↓↓↓

lemma hermitian_iff_index:
  "hermitian n A \<longleftrightarrow> A \<in> carrier_mat n n \<and> (\<forall>i<n. \<forall>j<n. A $$ (i,j) = cnj (A $$ (j,i)))"
proof -
  have "cadj A = A \<longleftrightarrow> (\<forall>i<n. \<forall>j<n. A $$ (i,j) = cnj (A $$ (j,i)))" if A: "A \<in> carrier_mat n n"
  proof (intro iffI allI impI)
    fix i j assume "cadj A = A" "i < n" "j < n"
    then have "A $$ (i,j) = cadj A $$ (i,j)" by simp
    also have "\<dots> = cnj (A $$ (j,i))" using A \<open>i < n\<close> \<open>j < n\<close> by simp
    finally show "A $$ (i,j) = cnj (A $$ (j,i))" .
  next
    assume sym: "\<forall>i<n. \<forall>j<n. A $$ (i,j) = cnj (A $$ (j,i))"
    show "cadj A = A"
    proof (rule eq_matI)
      fix i j assume ij: "i < dim_row A" "j < dim_col A"
      then have "i < n" "j < n" using A by auto
      then have "A $$ (j,i) = cnj (A $$ (i,j))" using sym by blast
      then show "cadj A $$ (i,j) = A $$ (i,j)" using A ij by simp
    qed (use A in auto)
  qed
  then show ?thesis unfolding hermitian_def by blast
qed

lemma hermitian_first_col_diag_block:
  assumes A: "hermitian (Suc m) A" and col: "col A 0 = e \<cdot>\<^sub>v unit_vec (Suc m) 0"
  shows "\<exists>r B. hermitian m B \<and> A = diag_block (complex_of_real r) B"
proof -
  have Ac: "A \<in> carrier_mat (Suc m) (Suc m)"
    and sym: "\<And>i j. i < Suc m \<Longrightarrow> j < Suc m \<Longrightarrow> A $$ (i,j) = cnj (A $$ (j,i))"
    using A unfolding hermitian_iff_index by blast+
  have first_col: "A $$ (i,0) = (if i = 0 then e else 0)" if "i < Suc m" for i
    using arg_cong[OF col, of "\<lambda>w. w $ i"] that Ac by auto
  have "A $$ (0,0) = e" using first_col[of 0] by simp
  then have "cnj e = e" using sym[of 0 0] by (metis zero_less_Suc)
  then have e: "e = complex_of_real (Re e)"
    by (metis Reals_cnj_iff of_real_Re)
  have first_row: "A $$ (0,j) = (if j = 0 then e else 0)" if "j < Suc m" for j
  proof -
    have "A $$ (0,j) = cnj (A $$ (j,0))" using sym[of 0 j] that by blast
    then show ?thesis using first_col[OF that] \<open>cnj e = e\<close> by simp
  qed
  define B where "B = mat m m (\<lambda>(i,j). A $$ (Suc i, Suc j))"
  have "hermitian m B"
    unfolding hermitian_iff_index B_def by (auto intro!: sym)
  moreover have "A = diag_block (complex_of_real (Re e)) B"
  proof (rule eq_matI)
    fix i j assume "i < dim_row (diag_block (complex_of_real (Re e)) B)"
      "j < dim_col (diag_block (complex_of_real (Re e)) B)"
    then have i: "i < Suc m" and j: "j < Suc m" by (auto simp: B_def)
    show "A $$ (i,j) = diag_block (complex_of_real (Re e)) B $$ (i,j)"
      using i j first_col first_row e[symmetric] by (cases i; cases j) (auto simp: B_def)
  qed (use Ac in \<open>auto simp: B_def\<close>)
  ultimately show ?thesis by blast
qed

lemma hermitian_cadj_conj:
  assumes A: "hermitian n A" and W: "W \<in> carrier_mat n n"
  shows "hermitian n (cadj W * A * W)"
proof -
  have Ac: "A \<in> carrier_mat n n" and hA: "cadj A = A"
    using A by (auto simp: hermitian_def)
  have "cadj (cadj W * A * W) = cadj W * cadj (cadj W * A)"
    using W Ac by (simp add: cadj_mult[of _ n n])
  also have "\<dots> = cadj W * A * W"
    using W Ac by (simp add: cadj_mult[of _ n n] hA assoc_mult_mat[of _ n n _ n _ n])
  finally show ?thesis
    using W Ac by (simp add: hermitian_def)
qed

lemma first_col_cadj_conj_eigenvector:
  assumes W: "unitary n W" and A: "A \<in> carrier_mat n n" and n: "0 < n"
    and eigen: "A *\<^sub>v col W 0 = e \<cdot>\<^sub>v col W 0"
  shows "col (cadj W * A * W) 0 = e \<cdot>\<^sub>v unit_vec n 0"
proof -
  have Wc: "W \<in> carrier_mat n n" using W by (rule unitary_carrier_mat)
  have "col (cadj W * A * W) 0 = (cadj W * A) *\<^sub>v col W 0"
    using Wc A n by (simp add: col_mult2[of _ n n _ n])
  also have "\<dots> = cadj W *\<^sub>v (A *\<^sub>v col W 0)"
    using Wc A by (intro assoc_mult_mat_vec) auto
  also have "\<dots> = e \<cdot>\<^sub>v col (cadj W * W) 0"
    using Wc n by (simp add: eigen mult_mat_vec[of _ n n] col_mult2[of _ n n _ n])
  also have "\<dots> = e \<cdot>\<^sub>v unit_vec n 0"
    using W n by (simp add: unitary_cadj_mult)
  finally show ?thesis .
qed

theorem hermitian_unitary_diagonalization:
  "hermitian n A \<Longrightarrow> \<exists>U l. unitary n U \<and> A = U * rdiag n l * cadj U"
proof (induction n arbitrary: A)
  case 0
  then have "A = 1\<^sub>m 0 * rdiag 0 (\<lambda>_. 0) * cadj (1\<^sub>m 0)"
    by (auto simp: hermitian_def)
  moreover have "unitary 0 (1\<^sub>m 0)"
    by (auto simp: unitary_def)
  ultimately show ?case by blast
next
  case (Suc m)
  have A: "A \<in> carrier_mat (Suc m) (Suc m)" using Suc.prems by (simp add: hermitian_def)
  obtain e where "eigenvalue A e"
    using spectrum_non_empty[OF A] by (auto simp: spectrum_def)
  then obtain v where v: "v \<in> carrier_vec (Suc m)" "v \<noteq> 0\<^sub>v (Suc m)" "A *\<^sub>v v = e \<cdot>\<^sub>v v"
    using A by (auto simp: eigenvalue_def eigenvector_def)
  obtain W c where W: "unitary (Suc m) W" and W0: "col W 0 = c \<cdot>\<^sub>v v"
    using unitary_first_col_exists[OF v(1,2)] by blast
  have "A *\<^sub>v col W 0 = e \<cdot>\<^sub>v col W 0"
    using A v by (simp add: W0 mult_mat_vec[OF A] smult_smult_assoc mult.commute)
  then have "col (cadj W * A * W) 0 = e \<cdot>\<^sub>v unit_vec (Suc m) 0"
    using first_col_cadj_conj_eigenvector[OF W A] by simp
  then obtain r B where B: "hermitian m B" and AW: "cadj W * A * W = diag_block (complex_of_real r) B"
    using hermitian_first_col_diag_block hermitian_cadj_conj[OF Suc.prems unitary_carrier_mat[OF W]]
    by blast
  obtain U l where U: "unitary m U" and BU: "B = U * rdiag m l * cadj U"
    using Suc.IH[OF B] by blast
  define V where "V = W * diag_block 1 U"
  have Wc: "W \<in> carrier_mat (Suc m) (Suc m)" using W by (rule unitary_carrier_mat)
  have Uc: "U \<in> carrier_mat m m" using U by (rule unitary_carrier_mat)
  have "A = W * (cadj W * A * W) * cadj W"
    using unitary_conj_cancel[OF W A] by simp
  also have "\<dots> = V * rdiag (Suc m) (case_nat r l) * cadj V"
    unfolding AW BU diag_block_mult_rdiag_cadj[OF Uc] V_def using Wc Uc
    by (simp add: cadj_mult[OF Wc diag_block_carrier_mat[OF Uc]]
        assoc_mult_mat[of _ "Suc m" "Suc m" _ "Suc m" _ "Suc m"])
  finally show ?case
    using unitary_mult[OF W unitary_diag_block[OF U]] unfolding V_def by blast
qed

lemma mat_fun_carrier_mat:
  assumes X: "hermitian n X"
  shows "mat_fun f X \<in> carrier_mat n n"
proof -
  have n: "dim_row X = n" using X by (auto simp: hermitian_def)
  obtain U l where p: "(SOME (U, l). spectral_decomp X U l) = (U, l)"
    by (cases "SOME (U, l). spectral_decomp X U l") auto
  have "\<exists>p. case p of (U, l) \<Rightarrow> spectral_decomp X U l"
    using hermitian_unitary_diagonalization[OF X] by (auto simp: spectral_decomp_def n)
  from someI_ex[OF this] have "unitary n U"
    unfolding p by (simp add: spectral_decomp_def n)
  then show ?thesis
    by (simp add: mat_fun_def p n unitary_carrier_mat)
qed

section \<open>Eigenvalue bounds, positivity and traces\<close>

lemma real_eigenvalues_mult_rdiag_cadj:
  assumes U: "unitary n U"
  shows "{r. eigenvalue (U * rdiag n a * cadj U) (complex_of_real r)} = a ` {..<n}"
proof -
  have Uc: "U \<in> carrier_mat n n" using U by (rule unitary_carrier_mat)
  define D where "D = rdiag n a"
  have A: "U * D * cadj U \<in> carrier_mat n n" using Uc by (simp add: D_def)
  have "similar_mat_wit (U * D * cadj U) D U (cadj U)"
    using Uc U unitary_cadj_mult[OF U]
    by (auto simp: similar_mat_wit_def Let_def D_def unitary_def)
  then have sim: "similar_mat (U * D * cadj U) D"
    unfolding similar_mat_def by blast
  have D: "D \<in> carrier_mat n n" "upper_triangular D"
    by (auto simp: D_def rdiag_def mat_diag_def upper_triangular_def)
  have "eigenvalue (U * D * cadj U) k \<longleftrightarrow> k \<in> set (diag_mat D)" for k
    unfolding eigenvalue_root_char_poly[OF A] char_poly_similar[OF sim]
      char_poly_upper_triangular[OF D] poly_prod_list_zero_iff by auto
  moreover have "set (diag_mat D) = (\<lambda>i. complex_of_real (a i)) ` {..<n}"
    by (auto simp: D_def diag_mat_def rdiag_def mat_diag_def)
  ultimately show ?thesis
    unfolding D_def by auto
qed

↑↑↑

— EXERCISE —
In the listing above, transcribe exactly everything from the line containing "by (auto simp: unitary_def)" down to the line containing "using spectrum_non_empty[OF A]", including both and nothing more.

— EXERCISE OUTPUT —
    by (auto simp: unitary_def)
  ultimately show ?case by blast
next
  case (Suc m)
  have A: "A \<in> carrier_mat (Suc m) (Suc m)" using Suc.prems by (simp add: hermitian_def)
  obtain e where "eigenvalue A e"
    using spectrum_non_empty[OF A] by (auto simp: spectrum_def)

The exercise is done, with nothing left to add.